Jimmy Carter, who died Sunday, is the first presidential candidate I remember publicly expressing an opinion of. As it turned out, Carter would also be the first (and only) president to publicly express an opinion of me.
During Carter’s presidency he was criticized and lampooned, but during his life he was more often hailed for his public service and broad, renaissance mind. Personally, I will always think of him as a man with a dry wit and a sharp tongue. If you’ve ever wondered why Carter was always smiling, it may be because he was a pretty funny guy.
My first interaction with the former president was in the spring of 1987. I was the editor-in-chief of the Emory Spoke, the student-run humor magazine at Emory University in Georgia. We published three issues annually, generally blowing our budget on the one published fall semester, a full-color parody of a “real” magazine — “Playspoke” one year, “Spokelights for Children” another.
Shortly before my tenure, a copy of a previous editorial team’s “Peeple Spokely” made its way to Time-Life’s corporate counsel. They quickly forbade us from ever again encroaching on one of their titles. It felt as if hellfire, damnation and personal legal ruin would rain down on any student foolish enough to violate their orders.
My choice was clear. That fall’s issue would parody Time magazine.
“How will we avoid hellfire and damnation?” our managing editor asked.
It came to me in a flash. “We’ll put Carter on the cover. ‘Man of the Year’! If they come for us, the publicity will kill ’em.”
Because Emory was home to the Carter Center and his presidential library, I leaned hard on every connection I could to make an interview happen. Months after our entreaties began, I was called into the office of the dean who had appeared on the cover of “Rolling Spoke” with a parking cone on his head. The reverence of our irreverence had paid off — we would be granted 30 minutes with Carter, and nothing was off limits.
I’ll chalk it up to nerve and not any innate Republican tendencies, but about a month later, on the day of the interview, when Carter walked in the room, I tossed him a T-shirt featuring the Spoke’s logo and told him to put it on for the cover photo. He gamely complied.
The interview was sublime — Carter talked about Domino’s deliveries to the White House, Willie Nelson playing on the South Lawn, installing a hi-fi in the Oval Office so he could listen to his friends the Allman Brothers. He shared his biggest presidential regret — not sending a second helicopter on the failed hostage rescue in Iran.
We asked what he wanted to say about President Reagan behind his back: “That he is incapable of telling the truth.” When we asked what he’d say to Reagan’s face, he replied, “The same thing.” That got picked up on the front page of the Wall Street Journal.
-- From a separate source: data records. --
lemma displacement_uminus:
  assumes g: "g \<in> l2"
  shows "displacement W (- s) g = displacement W s g"
proof -
  have "displacement W (- s) g = l2norm (W s (\<lambda>n. W (- s) g n - g n))"
    using unitary_group_isometric[OF l2_diff[OF unitary_group_l2[OF g] g]]
    by (simp add: displacement_def)
  also have "W s (\<lambda>n. W (- s) g n - g n) = (\<lambda>n. g n - W s g n)"
    using unitary_group_diff_distrib[OF unitary_group_l2[OF g] g, of s] unitary_group_inverse[OF g]
    by simp
  finally show ?thesis
    by (simp add: displacement_def l2norm_minus_commute)
qed

lemma displacement_le_difference_quotient:
  assumes g: "g \<in> l2" and h: "h \<in> l2" and t: "t > 0"
  shows "displacement W t g
    \<le> t * (l2norm h + l2norm (\<lambda>n. (W t g n - g n) / (\<i> * of_real t) - h n))"
proof -
  define q where "q n = (W t g n - g n) / (\<i> * of_real t)" for n
  have q: "q \<in> l2"
    unfolding q_def divide_inverse_commute
    by (rule l2_cmult[OF l2_diff[OF unitary_group_l2[OF g] g]])
  have "(\<lambda>n. (\<i> * of_real t) * q n) = (\<lambda>n. W t g n - g n)"
    using t by (simp add: q_def)
  then have eq: "displacement W t g = t * l2norm q"
    using t l2norm_cmult[of "\<i> * of_real t" q] by (simp add: displacement_def norm_mult)
  have "l2norm (\<lambda>n. h n + (q n - h n)) \<le> l2norm h + l2norm (\<lambda>n. q n - h n)"
    by (rule l2norm_triangle[OF h l2_diff[OF q h]])
  then have "l2norm q \<le> l2norm h + l2norm (\<lambda>n. q n - h n)" by simp
  with eq t show ?thesis by (simp add: mult_left_mono q_def)
qed

lemma displacement_le_derivative_pos:
  assumes g: "g \<in> l2" and h: "h \<in> l2" and s: "s > 0"
    and deriv: "((\<lambda>t. l2norm (\<lambda>n. (W t g n - g n) / (\<i> * of_real t) - h n)) \<longlongrightarrow> 0) (at 0)"
  shows "displacement W s g \<le> s * l2norm h"
proof -
  define E where "E t = l2norm (\<lambda>n. (W t g n - g n) / (\<i> * of_real t) - h n)" for t
  have "filterlim (\<lambda>k. s / real k) (at 0) sequentially"
  proof (rule filterlim_atI)
    show "((\<lambda>k. s / real k) \<longlongrightarrow> 0) sequentially" by (rule lim_const_over_n)
    show "\<forall>\<^sub>F k in sequentially. s / real k \<noteq> 0"
      using s eventually_gt_at_top[of "0::nat"] by (auto elim: eventually_mono)
  qed
  then have "((\<lambda>k. E (s / real k)) \<longlongrightarrow> 0) sequentially"
    by (rule filterlim_compose[OF deriv[folded E_def]])
  then have lim: "((\<lambda>k. s * (l2norm h + E (s / real k))) \<longlongrightarrow> s * (l2norm h + 0)) sequentially"
    by (intro tendsto_intros)
  \<comment> \<open>Cut \<open>s\<close> into \<open>k\<close> steps of length \<open>s / k\<close>, so that only the difference quotient near \<open>0\<close> matters.\<close>
  have "\<forall>\<^sub>F k in sequentially. displacement W s g \<le> s * (l2norm h + E (s / real k))"
    using eventually_gt_at_top[of "0::nat"]
  proof (rule eventually_mono)
    fix k :: nat assume k: "0 < k"
    have "displacement W (real k * (s / real k)) g \<le> real k * displacement W (s / real k) g"
      by (rule displacement_mult_le[OF g])
    also have "\<dots> \<le> real k * ((s / real k) * (l2norm h + E (s / real k)))"
      using displacement_le_difference_quotient[OF g h, of "s / real k"] k s
      by (intro mult_left_mono) (auto simp: E_def)
    finally show "displacement W s g \<le> s * (l2norm h + E (s / real k))"
      using k by simp
  qed
  then show ?thesis
    using tendsto_le[OF trivial_limit_sequentially lim tendsto_const] by simp
qed

lemma displacement_le_derivative:
  assumes g: "g \<in> l2" and h: "h \<in> l2"
    and deriv: "((\<lambda>t. l2norm (\<lambda>n. (W t g n - g n) / (\<i> * of_real t) - h n)) \<longlongrightarrow> 0) (at 0)"
  shows "displacement W s g \<le> \<bar>s\<bar> * l2norm h"
proof -
  consider "s = 0" | "s > 0" | "- s > 0" by linarith
  then show ?thesis
  proof cases
    case 1
    then show ?thesis
      using unitary_group_zero[OF g] by (simp add: displacement_def l2norm_zero)
  next
    case 2
    then show ?thesis using displacement_le_derivative_pos[OF g h _ deriv, of s] by simp
  next
    case 3
    then show ?thesis
      using displacement_le_derivative_pos[OF g h _ deriv, of "- s"] displacement_uminus[OF g, of "- s"]
      by simp
  qed
qed

lemma l2norm_symmetric_displacement_le:
  assumes T: "bounded_op T" "symmetric_op T" and C: "0 \<le> C"
    and bound: "\<And>g. g \<in> l2 \<Longrightarrow> displacement W (- t) (T g) \<le> C * l2norm g"
    and f: "f \<in> l2"
  shows "l2norm (T (\<lambda>n. W t f n - f n)) \<le> C * l2norm f"
proof -
  note T_l2 = bounded_op_l2[OF T(1)]
  define w where "w = T (\<lambda>n. W t f n - f n)"
  have Wf: "W t f \<in> l2" by (rule unitary_group_l2[OF f])
  have w: "w \<in> l2" unfolding w_def by (rule T_l2[OF l2_diff[OF Wf f]])
  have Tw: "T w \<in> l2" by (rule T_l2[OF w])
  have WTw: "W (- t) (T w) \<in> l2" by (rule unitary_group_l2[OF Tw])
  have "(l2norm w)\<^sup>2 = Re (l2inner w w)" by (rule Re_l2inner_self[OF w, symmetric])
  also have "\<dots> = Re (l2inner (T w) (\<lambda>n. W t f n - f n))"
    using T(2) w l2_diff[OF Wf f] unfolding symmetric_op_def w_def by metis
  also have "\<dots> = Re (l2inner (T w) (W t f)) - Re (l2inner (T w) f)"
    by (rule Re_l2inner_diff_right[OF Tw Wf f])
  also have "Re (l2inner (T w) (W t f)) = Re (l2inner (W (- t) (T w)) f)"
    using unitary_group_Re_l2inner[OF Tw Wf, of "- t"] unitary_group_inverse[OF f, of "- t"]
    by simp
  also have "Re (l2inner (W (- t) (T w)) f) - Re (l2inner (T w) f)
      = Re (l2inner f (\<lambda>n. W (- t) (T w) n - T w n))"
    using Re_l2inner_diff_right[OF f WTw Tw] Re_l2inner_commute[OF f WTw]
      Re_l2inner_commute[OF f Tw] by simp
  also have "\<dots> \<le> l2norm f * displacement W (- t) (T w)"
    unfolding displacement_def by (rule Re_l2inner_le[OF f l2_diff[OF WTw Tw]])
  also have "\<dots> \<le> l2norm f * (C * l2norm w)"
    using bound[OF w] by (intro mult_left_mono l2norm_nonneg)
  finally have square: "l2norm w * l2norm w \<le> l2norm w * (C * l2norm f)"
    by (simp add: power2_eq_square mult_ac)
  have "l2norm w \<le> C * l2norm f"
  proof (cases "l2norm w = 0")
    case True
    then show ?thesis using C l2norm_nonneg[of f] by simp
  next
    case False
    then have "0 < l2norm w" using l2norm_nonneg[of w] by linarith
    with square show ?thesis by simp
  qed
  then show ?thesis unfolding w_def .
qed

lemma l2norm_commutator_le:
  assumes T: "bounded_op T" "symmetric_op T" and C: "0 \<le> C"
    and bound_pos: "\<And>g. g \<in> l2 \<Longrightarrow> displacement W s (T g) \<le> C * l2norm g"
    and bound_neg: "\<And>g. g \<in> l2 \<Longrightarrow> displacement W (- s) (T g) \<le> C * l2norm g"
    and f: "f \<in> l2"
  shows "l2norm (\<lambda>n. W s (T (W (- s) f)) n - T f n) \<le> 2 * C * l2norm f"
proof -
  note T_l2 = bounded_op_l2[OF T(1)]
  define X where "X = W (- s)"
  have Xf: "X f \<in> l2" unfolding X_def by (rule unitary_group_l2[OF f])
  have Tf: "T f \<in> l2" by (rule T_l2[OF f])
  have XTf: "X (T f) \<in> l2" unfolding X_def by (rule unitary_group_l2[OF Tf])
  have TXf: "T (X f) \<in> l2" by (rule T_l2[OF Xf])
  have "l2norm (\<lambda>n. W s (T (X f)) n - T f n) = l2norm (W s (\<lambda>n. T (X f) n - X (T f) n))"
    using unitary_group_diff_distrib[OF TXf XTf, of s] unitary_group_inverse[OF Tf, of s]
    unfolding X_def by simp
  also have "\<dots> = l2norm (\<lambda>n. T (\<lambda>n. X f n - f n) n - (X (T f) n - T f n))"
    using unitary_group_isometric[OF l2_diff[OF TXf XTf]] bounded_op_diff[OF T(1) Xf f] by simp
  also have "\<dots> \<le> l2norm (T (\<lambda>n. X f n - f n)) + displacement W (- s) (T f)"
    unfolding displacement_def X_def[symmetric]
    by (rule l2norm_triangle_diff[OF T_l2[OF l2_diff[OF Xf f]] l2_diff[OF XTf Tf]])
  also have "\<dots> \<le> C * l2norm f + C * l2norm f"
    using l2norm_symmetric_displacement_le[OF T C _ f, of "- s"] bound_pos bound_neg[OF f]
    unfolding X_def by (intro add_mono) auto
  finally show ?thesis unfolding X_def by simp
qed

lemma opnorm_commutator_le_powr:
  assumes T: "bounded_op T" "symmetric_op T" and K: "0 \<le> K"
    and bound: "\<And>t g. g \<in> l2 \<Longrightarrow> displacement W t (T g) \<le> K * \<bar>t\<bar> powr \<epsilon> * l2norm g"
  shows "opnorm (\<lambda>f n. W s (T (W (- s) f)) n - T f n) \<le> 2 * K * \<bar>s\<bar> powr \<epsilon>"
proof (rule opnorm_le)
  have C: "0 \<le> K * \<bar>s\<bar> powr \<epsilon>" using K by simp
  then show "0 \<le> 2 * K * \<bar>s\<bar> powr \<epsilon>" by simp
  have bound_neg: "displacement W (- s) (T g) \<le> K * \<bar>s\<bar> powr \<epsilon> * l2norm g" if "g \<in> l2" for g
    using bound[OF that, of "- s"] by simp
  fix f :: "('d \<Rightarrow> nat) \<Rightarrow> complex" assume "f \<in> l2"
  from l2norm_commutator_le[OF T C bound bound_neg this]
  show "l2norm (\<lambda>n. W s (T (W (- s) f)) n - T f n) \<le> 2 * K * \<bar>s\<bar> powr \<epsilon> * l2norm f"
    by (simp add: mult.assoc)
qed

end

section \<open>The generator on finitely supported functions\<close>

lemma displacement_le_A_graph:
  assumes "generated_by W r" and "(g, h) \<in> A_graph r"
  shows "displacement W s g \<le> \<bar>s\<bar> * l2norm h"
proof -
  have g: "g \<in> l2" and h: "h \<in> l2" using assms(2) by (auto simp: A_graph_def)
  have "unitary_group W"
    and "\<forall>f\<in>l2. \<forall>g\<in>l2. (f, g) \<in> A_graph r \<longleftrightarrow>
        ((\<lambda>s. l2norm (\<lambda>n. (W s f n - f n) / (\<i> * of_real s) - g n)) \<longlongrightarrow> 0) (at 0)"
    using assms(1) unfolding generated_by_def by blast+
  with g h assms(2) show ?thesis
    by (intro displacement_le_derivative) blast+
qed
When lobbying for the interview, we’d been clear about our satirical bent and forwarded past Spoke issues. During the discussion we restated our provenance as a humor magazine. “I haven’t heard anything funny, yet,” Carter deadpanned. We asked about his patience with journalists, if he ever wanted to haul off and hit a reporter. “Yes,” he said, “and this is one of those times.”
After the issue was published, Carter sent me a letter that included the line, “I’m glad my humorous responses more than made up for the lack of that quality in your questions.”
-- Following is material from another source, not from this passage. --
(* Let $E$ be a $K$-contact Lie algebroid with structure $(F_E,\xi,\eta,g_E)$, fundamental form $\Omega_E$, and Levi-Civita connection $\nabla$ of $g_E$. Then for all $s,s_1,s_2\in\Gamma(E)$: $$(\nabla_{s_1}\eta)s_2=g_E(\nabla_{s_1}\xi,s_2)=\Omega_E(s_1,s_2),\qquad (\nabla_sF_E)\xi=-s+\eta(s)\xi.$$
   Context: A Lie algebroid $(E,\rho_E,[\cdot,\cdot]_E)$ over $M$ is a vector bundle with anchor $\rho_E:E\to TM$ and Lie bracket on $\Gamma(E)$ with $[s_1,fs_2]_E=f[s_1,s_2]_E+\rho_E(s_1)(f)s_2$. For a 1-form $\eta$, $(d_E\eta)(s_1,s_2)=\frac12\{\rho_E(s_1)(\eta(s_2))-\rho_E(s_2)(\eta(s_1))-\eta([s_1,s_2]_E)\}$. For $E$ of rank $2m+1$, an almost contact Riemannian structure $(F_E,\xi,\eta,g_E)$: endomorphism $F_E$, $\xi\in\Gamma(E)$, $\eta\in\Gamma(E^* )$, bundle metric $g_E$ with $F_E^2=-I_E+\eta\otimes\xi$, $\eta(\xi)=1$, $g_E(F_Es_1,F_Es_2)=g_E(s_1,s_2)-\eta(s_1)\eta(s_2)$; fundamental form $\Omega_E(s_1,s_2)=g_E(s_1,F_Es_2)$. $E$ is contact Riemannian if also $\eta\wedge(d_E\eta)^m$ vanishes nowhere and $d_E\eta=\Omega_E$; it is $K$-contact if moreover $\xi$ is Killing: $\rho_E(\xi)(g_E(s_1,s_2))-g_E([\xi,s_1]_E,s_2)-g_E(s_1,[\xi,s_2]_E)=0$. The Levi-Civita connection $\nabla$ is the unique torsion-free metric $E$-connection ($\nabla_{s_1}s_2-\nabla_{s_2}s_1=[s_1,s_2]_E$, $\rho_E(s)(g_E(s_1,s_2))=g_E(\nabla_ss_1,s_2)+g_E(s_1,\nabla_ss_2)$); $(\nabla_{s_1}\eta)(s_2)=\rho_E(s_1)(\eta(s_2))-\eta(\nabla_{s_1}s_2)$ and $(\nabla_sF_E)s'=\nabla_s(F_Es')-F_E(\nabla_ss')$. *)

theory Defs
  imports Complex_Main "HOL-Combinatorics.Permutations" "HOL-Library.Function_Algebras"
begin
Sometimes I still impress myself, remembering that I once traded barbs with a former president. Other days, I’m overwhelmed by the thought that a future Nobel Prize winner called me out on the one thing I thought I was good at.
Our paths crossed a few more times, and each time, Carter’s humor was what stood out. At a formal dinner, he dared me to eat the dessert’s floral garnish. Before I could move, he popped it into his mouth.
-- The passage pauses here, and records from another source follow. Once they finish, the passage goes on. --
lemma cone_chart_has_derivative:
  fixes p :: "real^2"
  assumes "0 < p$1" "p$1 < 1"
  shows "(cone_chart z u v has_derivative cone_chart_deriv u v p) (at p within X)"
proof -
  have nth: "((\<lambda>p::real^2. p$i) has_derivative (\<lambda>h. h$i)) (at p within X)" for i
    by (rule bounded_linear_imp_has_derivative) (rule bounded_linear_vec_nth)
  have radius: "((\<lambda>p. gauss_radius (p$1)) has_derivative
      (\<lambda>h. h$1 * (1 / (2 * (1 - p$1) * gauss_radius (p$1))))) (at p within X)"
    by (rule DERIV_compose_FDERIV[OF gauss_radius_has_real_derivative[OF assms] nth])
  have direction: "((\<lambda>p. cone_direction u v (p$2)) has_derivative
      (\<lambda>h. h$2 *\<^sub>R cone_direction u v (p$2 + pi / 2))) (at p within X)"
    using has_derivative_compose[OF nth cone_direction_has_vector_derivative[unfolded has_vector_derivative_def]]
    by simp
  show ?thesis
    unfolding cone_chart_def[abs_def] cone_chart_deriv_def[abs_def]
    by (rule has_derivative_eq_rhs, (rule derivative_intros radius direction)+)
       (simp add: fun_eq_iff algebra_simps)
qed

lemma cone_chart_has_derivative_on_domain:
  "p \<in> cone_chart_domain u v
   \<Longrightarrow> (cone_chart z u v has_derivative cone_chart_deriv u v p) (at p within X)"
  by (intro cone_chart_has_derivative) (auto simp: cone_chart_domain_def)

lemma cone_chart_domain_eq:
  "cone_chart_domain u v = box (vector [0, 0]) (vector [1, vec_angle u v])
                         \<union> box (vector [0, pi]) (vector [1, pi + vec_angle u v])"
  unfolding cone_chart_domain_def cone_angles_def by (auto simp: mem_box_cart forall_2)

lemma cone_chart_domain_lebesgue: "cone_chart_domain u v \<in> sets lebesgue"
  unfolding cone_chart_domain_eq by (intro sets.Un borel_open) simp_all

lemma cone_chart_image_lebesgue: "cone_chart z u v ` cone_chart_domain u v \<in> sets lebesgue"
  using cone_chart_domain_lebesgue
  by (rule differentiable_image_in_sets_lebesgue)
     (auto simp: differentiable_on_def intro: differentiableI cone_chart_has_derivative_on_domain)

context
  fixes u v :: "real^2"
  assumes cross: "cross2 u v \<noteq> 0"
begin

lemma abs_det_cone_chart_deriv:
  assumes "0 < p$1" "p$1 < 1"
  shows "\<bar>det (matrix (cone_chart_deriv u v p))\<bar> = 1 / (2 * (1 - p$1))"
  using assms gauss_radius_pos[OF assms] abs_cross2_cone_direction_quarter_turn[OF cross]
  unfolding cone_chart_deriv_def[abs_def] det_matrix_columns_2 cross2_scaleR
  by (simp add: abs_mult)

lemma norm_cone_chart_sub:
  assumes "0 < p$1" "p$1 < 1"
  shows "norm (cone_chart z u v p - z) = gauss_radius (p$1)"
  using gauss_radius_pos[OF assms] norm_cone_direction[OF cross]
  unfolding cone_chart_def by simp
(* Let $\hat{\bm h}_k\in\hat{\mathcal H}_k$ be a fixed predictor (chosen independently of the samples), let $\alpha\in[0,1]$ and $\delta\in(0,1)$. Then, with probability at least $1-\delta$ over the draw of the samples $\hat{\mathcal D}_k$ and $\hat{\mathcal D}_{\text{proxy}}$, \[ \mathcal{L}_{\mathcal{D}_{\text{test}}}(\hat{\bm h}_k,\hat{\bm h}^* )\le \mathcal{L}_{\hat{\mathcal D}_k\cup\hat{\mathcal D}_{\text{proxy}}}(\hat{\bm h}_k)+\sqrt{\Big(\tfrac{2\alpha^2}{m_k}+\tfrac{2(1-\alpha)^2}{m_{\text{proxy}}}\Big)\log\tfrac{2}{\delta}}+\alpha\big[\lambda_k+d_{\mathcal G_k}(\mathcal D_k,\mathcal D_{\text{test}})\big] \] \[ +(1-\alpha)\Big[\lambda_{k,\text{proxy}}+d_{\mathcal G_k}(\mathcal D_{\text{proxy}},\mathcal D_{\text{test}})+p^{(1)}_{\text{proxy}}\,\mathcal L_{\mathcal D^{(1)}_{\text{proxy}}}(\hat{\bm h}^*,\bm h^*_{\text{proxy}})+p^{(2)}_{\text{proxy}}\,\mathcal L_{\mathcal D^{(2)}_{\text{proxy}}}(\hat{\bm h}^*_{\text{proxy}},\bm h^*_{\text{proxy}})\Big], \] where $p^{(1)}_{\text{proxy}}=\Pr_{\mathbf x\sim\mathcal D_{\text{proxy}}}[\hat{\bm h}^*(\mathbf x)\neq\hat{\bm h}^*_{\text{proxy}}(\mathbf x)]$, $p^{(2)}_{\text{proxy}}=\Pr_{\mathbf x\sim\mathcal D_{\text{proxy}}}[\hat{\bm h}^*(\mathbf x)=\hat{\bm h}^*_{\text{proxy}}(\mathbf x)]$ (so $p^{(1)}_{\text{proxy}}+p^{(2)}_{\text{proxy}}=1$), and $\mathcal D^{(1)}_{\text{proxy}}$, $\mathcal D^{(2)}_{\text{proxy}}$ are the distribution $\mathcal D_{\text{proxy}}$ conditioned on the events $\{\hat{\bm h}^*(\mathbf x)\neq\hat{\bm h}^*_{\text{proxy}}(\mathbf x)\}$ and $\{\hat{\bm h}^*(\mathbf x)=\hat{\bm h}^*_{\text{proxy}}(\mathbf x)\}$ respectively (a term is taken to be $0$ when its probability is $0$).
   Context: Let $\mathcal X$ be a (measurable) input space and $C\ge 2$ the number of classes. $\Delta^{C-1}\subset\mathbb R^C$ is the probability simplex and $V(\Delta^{C-1})$ its vertex set, i.e. the $C$ one-hot vectors. The ground-truth labeling function is $\hat{\bm h}^*:\mathcal X\to V(\Delta^{C-1})$. For a distribution $\mathcal D$ on $\mathcal X$ and functions $\bm h,\bm h':\mathcal X\to\Delta^{C-1}$, $\mathcal L_{\mathcal D}(\bm h,\bm h'):=\mathbb E_{\mathbf x\sim\mathcal D}\|\bm h(\mathbf x)-\bm h'(\mathbf x)\|_1$; for a finite sample $\hat{\mathcal D}$ this expectation is the empirical average over the sample. Client $k$ has a private distribution $\mathcal D_k$ on $\mathcal X$ and an i.i.d. sample $\hat{\mathcal D}_k$ of size $m_k$ from it; there is a proxy distribution $\mathcal D_{\text{proxy}}$ on $\mathcal X$ with an i.i.d. sample $\hat{\mathcal D}_{\text{proxy}}$ of size $m_{\text{proxy}}$, independent of $\hat{\mathcal D}_k$; $\mathcal D_{\text{test}}$ is a test distribution on $\mathcal X$. $\bm h^*_{\text{proxy}}:\mathcal X\to\Delta^{C-1}$ is a fixed (arbitrary) labeling function for proxy samples and $\hat{\bm h}^*_{\text{proxy}}:\mathcal X\to V(\Delta^{C-1})$ is its one-hot output (the vertex at its largest coordinate, ties broken by a fixed rule). $\hat{\mathcal H}_k$ is a class of functions $\mathcal X\to V(\Delta^{C-1})$ containing $\hat{\bm h}_k$. The training loss is $\mathcal L_{\hat{\mathcal D}_k\cup\hat{\mathcal D}_{\text{proxy}}}(\hat{\bm h}_k):=\alpha\,\mathcal L_{\hat{\mathcal D}_k}(\hat{\bm h}_k,\hat{\bm h}^* )+(1-\alpha)\,\mathcal L_{\hat{\mathcal D}_{\text{proxy}}}(\hat{\bm h}_k,\bm h^*_{\text{proxy}})$. Minimum combined losses: $\lambda_k=\inf_{\hat{\bm h}\in\hat{\mathcal H}_k}\{\mathcal L_{\mathcal D_{\text{test}}}(\hat{\bm h},\hat{\bm h}^* )+\mathcal L_{\mathcal D_k}(\hat{\bm h},\hat{\bm h}^* )\}$ and $\lambda_{k,\text{proxy}}=\inf_{\hat{\bm h}\in\hat{\mathcal H}_k}\{\mathcal L_{\mathcal D_{\text{test}}}(\hat{\bm h},\hat{\bm h}^* )+\mathcal L_{\mathcal D_{\text{proxy}}}(\hat{\bm h},\hat{\bm h}^* )\}$. $\mathcal G_k$ is the set of functions $g:\mathcal X\to\{0,1\}$ of the form $g(\mathbf x)=\tfrac12\|\hat{\bm h}(\mathbf x)-\hat{\bm h}'(\mathbf x)\|_1$ with $\hat{\bm h},\hat{\bm h}'\in\hat{\mathcal H}_k$. For distributions $\mathcal D,\mathcal D'$ on $\mathcal X$, the $\mathcal G_k$-distance is $d_{\mathcal G_k}(\mathcal D,\mathcal D')=2\sup_{g\in\mathcal G_k}\big|\Pr_{\mathcal D}[g(\mathbf x)=1]-\Pr_{\mathcal D'}[g(\mathbf x)=1]\big|$. *)

theory Defs
  imports "HOL-Probability.Probability"
begin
He could have planned that joke to use on anyone who was at the table. But I like to think it was personal, and others who met Carter more than once have told me they also felt a stupefied humility that the onetime leader of the free world remembered them by name.
A few years later, I was working on my MBA, again at Emory and Carter visited as a distinguished lecturer.
He marched to the lectern and scanned our power-suited crowd. Then he turned to his assistant and said, “You didn’t tell me Binney would be here.”
He looked at me, eyebrows raised, and said, politely, “Try to keep up.”
My classmates were bewildered. Some in shock, some in awe. How had I pissed off a president?
I hadn’t, of course. It was just a perfect opportunity for a man with a sly sense of humor, a good memory and a microphone. A man who made meaningful connections with the people he met, whether on the world stage or a college campus.
Robert J. Binney is a screenwriter in Seattle.